Last Tuesday's piece on the agent action pipeline named six artifacts that should sit between an agent and the infrastructure it can damage. Every one of them is a test, in the same expanded sense.

  • Dry-run by default for destructive operations is an assertion that a human (or an approval agent) signs off before the destructive call executes. The assertion blocks the call.
  • Blast-radius declarations per task is a runtime check that the tool scope matches what the task declared. The check fails the call if the scope was exceeded.
  • Proof chains are append-only logs of every action with its inputs, intent, and outcome. They are the audit trail of which assertions passed or failed and when.
  • Human-in-the-loop above a threshold is a conditional assertion: below the threshold, the system runs autonomously; above it, the assertion routes to a human for explicit pass/fail.

PocketOS lost their database because none of these tests were wired in. The agent's call to delete a Railway volume passed every check the system actually had — there were no checks. The fix is not a more emphatic system prompt. It is a runtime assertion that the call is allowed.

The honesty test

For any given LLM call in your system, can you write down the assertion that would let the next step execute?

If yes, you have a test. The test is the contract. The test is what makes the system reason about itself and refuse to keep going when reality has diverged from the contract.

If no, you have one of the original three options. Babysitter — a human is the assertion, manually, in real time. Auditor — the assertion runs after the fact, when the damage is already done. Prayer — there is no assertion; the system runs and you find out later if it was wrong.
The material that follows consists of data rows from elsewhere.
section \<open>From local groups to the whole code\<close>

lemma card_proj_Un_le:
  assumes "finite C"
  shows "card (proj C (U \<union> D)) \<le> (\<Sum>u\<in>proj C U. card (proj {x\<in>C. restrict x U = u} D))"
proof -
  define X where "X u = {x\<in>C. restrict x U = u}" for u
  define merge where "merge u g = (\<lambda>j. if j \<in> U then u j else g j)" for u g :: "nat \<Rightarrow> 'a"
  have "proj (X u) (U \<union> D) \<subseteq> merge u ` proj (X u) D" for u
  proof
    fix w assume "w \<in> proj (X u) (U \<union> D)"
    then obtain x where x: "x \<in> X u" "w = restrict x (U \<union> D)" unfolding proj_def by auto
    have "w = merge u (restrict x D)"
      using x unfolding X_def merge_def by (auto simp: fun_eq_iff) (metis restrict_apply')
    thus "w \<in> merge u ` proj (X u) D" using x(1) unfolding proj_def by blast
  qed
  moreover have fin: "finite (proj (X u) D)" for u using assms unfolding X_def proj_def by simp
  ultimately have fiber: "card (proj (X u) (U \<union> D)) \<le> card (proj (X u) D)" for u
    by (meson card_image_le card_mono finite_imageI order_trans)
  have "proj C (U \<union> D) = (\<Union>u\<in>proj C U. proj (X u) (U \<union> D))"
    unfolding proj_def X_def by blast
  moreover have "finite (proj C U)" using assms unfolding proj_def by simp
  ultimately have "card (proj C (U \<union> D)) \<le> (\<Sum>u\<in>proj C U. card (proj (X u) (U \<union> D)))"
    by (simp only: card_UN_le)
  also have "\<dots> \<le> (\<Sum>u\<in>proj C U. card (proj (X u) D))"
    by (intro sum_mono fiber)
  finally show ?thesis unfolding X_def .
qed

text \<open>Codewords that agree on \<open>U\<close> and differ on the local group \<open>R\<close> must differ on \<open>R - U\<close>.\<close>
lemma min_dist_ge_proj_fiber:
  assumes "min_dist_ge R (proj C R) \<delta>"
  shows "min_dist_ge (R - U) (proj {x\<in>C. restrict x U = u} (R - U)) \<delta>"
  unfolding min_dist_ge_def
proof (intro ballI impI)
  fix f g
  assume "f \<in> proj {x\<in>C. restrict x U = u} (R - U)" "g \<in> proj {x\<in>C. restrict x U = u} (R - U)"
    and fg: "f \<noteq> g"
  then obtain x y where x: "x \<in> C" "restrict x U = u" "f = restrict x (R - U)"
    and y: "y \<in> C" "restrict y U = u" "g = restrict y (R - U)"
    unfolding proj_def by auto
  have agree: "x j = y j" if "j \<in> U" for j
    using x(2) y(2) that by (metis restrict_apply')
  have "restrict x R \<noteq> restrict y R"
  proof
    assume "restrict x R = restrict y R"
    hence "x j = y j" if "j \<in> R - U" for j using that by (metis DiffD1 restrict_apply')
    hence "f = g" unfolding x(3) y(3) by (intro restrict_ext) simp
    thus False using fg by contradiction
  qed
  moreover have "restrict x R \<in> proj C R" "restrict y R \<in> proj C R"
    using x(1) y(1) unfolding proj_def by auto
  ultimately have "\<delta> \<le> hdist R (restrict x R) (restrict y R)"
    using assms unfolding min_dist_ge_def by blast
  moreover have "{j\<in>R. restrict x R j \<noteq> restrict y R j} = {j\<in>R - U. f j \<noteq> g j}"
    using agree x(3) y(3) by auto
  ultimately show "\<delta> \<le> hdist (R - U) f g" unfolding hdist_def by simp
qed

lemma card_proj_Un_local_le:
  fixes C :: "(nat \<Rightarrow> 'a) set"
  assumes rate: "rate_bounded Q N \<delta> c" and Q: "finite Q" and I: "finite I"
    and C: "C \<subseteq> PiE I (\<lambda>_. Q)" and U: "U \<subseteq> I"
    and R: "R \<subseteq> I" "card R \<le> N" "min_dist_ge R (proj C R) \<delta>"
    and pU: "real (card (proj C U)) \<le> real (card Q) powr (c * real (card U))"
  shows "real (card (proj C (U \<union> R))) \<le> real (card Q) powr (c * real (card (U \<union> R)))"
proof -
  define q where "q = real (card Q)"
  define D where "D = R - U"
  have finC: "finite C" using finite_subset[OF C] I Q by (simp add: finite_PiE)
  have finR: "finite R" using finite_subset[OF R(1) I] .
  have D: "D \<subseteq> I" "finite D" using R(1) finR unfolding D_def by auto
  have "card D \<le> card R" unfolding D_def using finR by (intro card_mono) auto
  hence "card D \<le> N" using R(2) by linarith
  have fiber: "real (card (proj {x\<in>C. restrict x U = u} D)) \<le> q powr (c * real (card D))" for u
    unfolding q_def
  proof (rule rate_boundedD[OF rate D(2) \<open>card D \<le> N\<close>])
    show "proj {x\<in>C. restrict x U = u} D \<subseteq> PiE D (\<lambda>_. Q)"
      using C D(1) by (intro proj_subset_PiE) auto
    show "min_dist_ge D (proj {x\<in>C. restrict x U = u} D) \<delta>"
      unfolding D_def by (rule min_dist_ge_proj_fiber[OF R(3)])
  qed
  have "U \<union> R = U \<union> D" unfolding D_def by blast
  have "real (card (proj C (U \<union> D))) \<le> (\<Sum>u\<in>proj C U. real (card (proj {x\<in>C. restrict x U = u} D)))"
    unfolding of_nat_sum[symmetric] of_nat_le_iff by (rule card_proj_Un_le[OF finC])
  also have "\<dots> \<le> real (card (proj C U)) * q powr (c * real (card D))"
    using sum_mono[OF fiber] by simp
  also have "\<dots> \<le> q powr (c * real (card U)) * q powr (c * real (card D))"
    using pU unfolding q_def by (intro mult_right_mono) auto
  also have "\<dots> = q powr (c * real (card (U \<union> D)))"
  proof -
    have "card (U \<union> D) = card U + card D"
      using finite_subset[OF U I] D(2) by (intro card_Un_disjoint) (auto simp: D_def)
    thus ?thesis by (simp add: powr_add[symmetric] algebra_simps)
  qed
  finally show ?thesis unfolding q_def \<open>U \<union> R = U \<union> D\<close> .
qed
The diagnostic is easier to apply than to evade. Pick any LLM call in your stack. Write down the assertion that would unblock the next step. If you cannot, you are praying. The control flow the original argument is pointing at is not control flow in the abstract. It is the specific code that runs the assertion before the next call goes out.

Why this frame is operationally useful

Tests tells engineers what to build. Deterministic control flow tells them why. Both are necessary, but only one is something a junior engineer can ship by Friday.

Engineers know how to write a test for a function whose return value is uncertain. They have done it for every flaky external API integration they have ever shipped against. The LLM is another flaky external API. The output is another value to assert against. The test failure is another reason to back off, retry, or escalate. Once the team accepts this framing, the work is straightforward. Not easy — straightforward. Pick a call. Write the assertion. Wire the failure path.

The piece I started this on is right that prompt chains hit a ceiling. The fix is not more prose, and not more babysitting. It is the same move every reliability discipline has made for fifty years: write the test, gate the call, fail loud when reality breaks the contract.

Babysitter, auditor, prayer. Or tests. Pick the fourth one.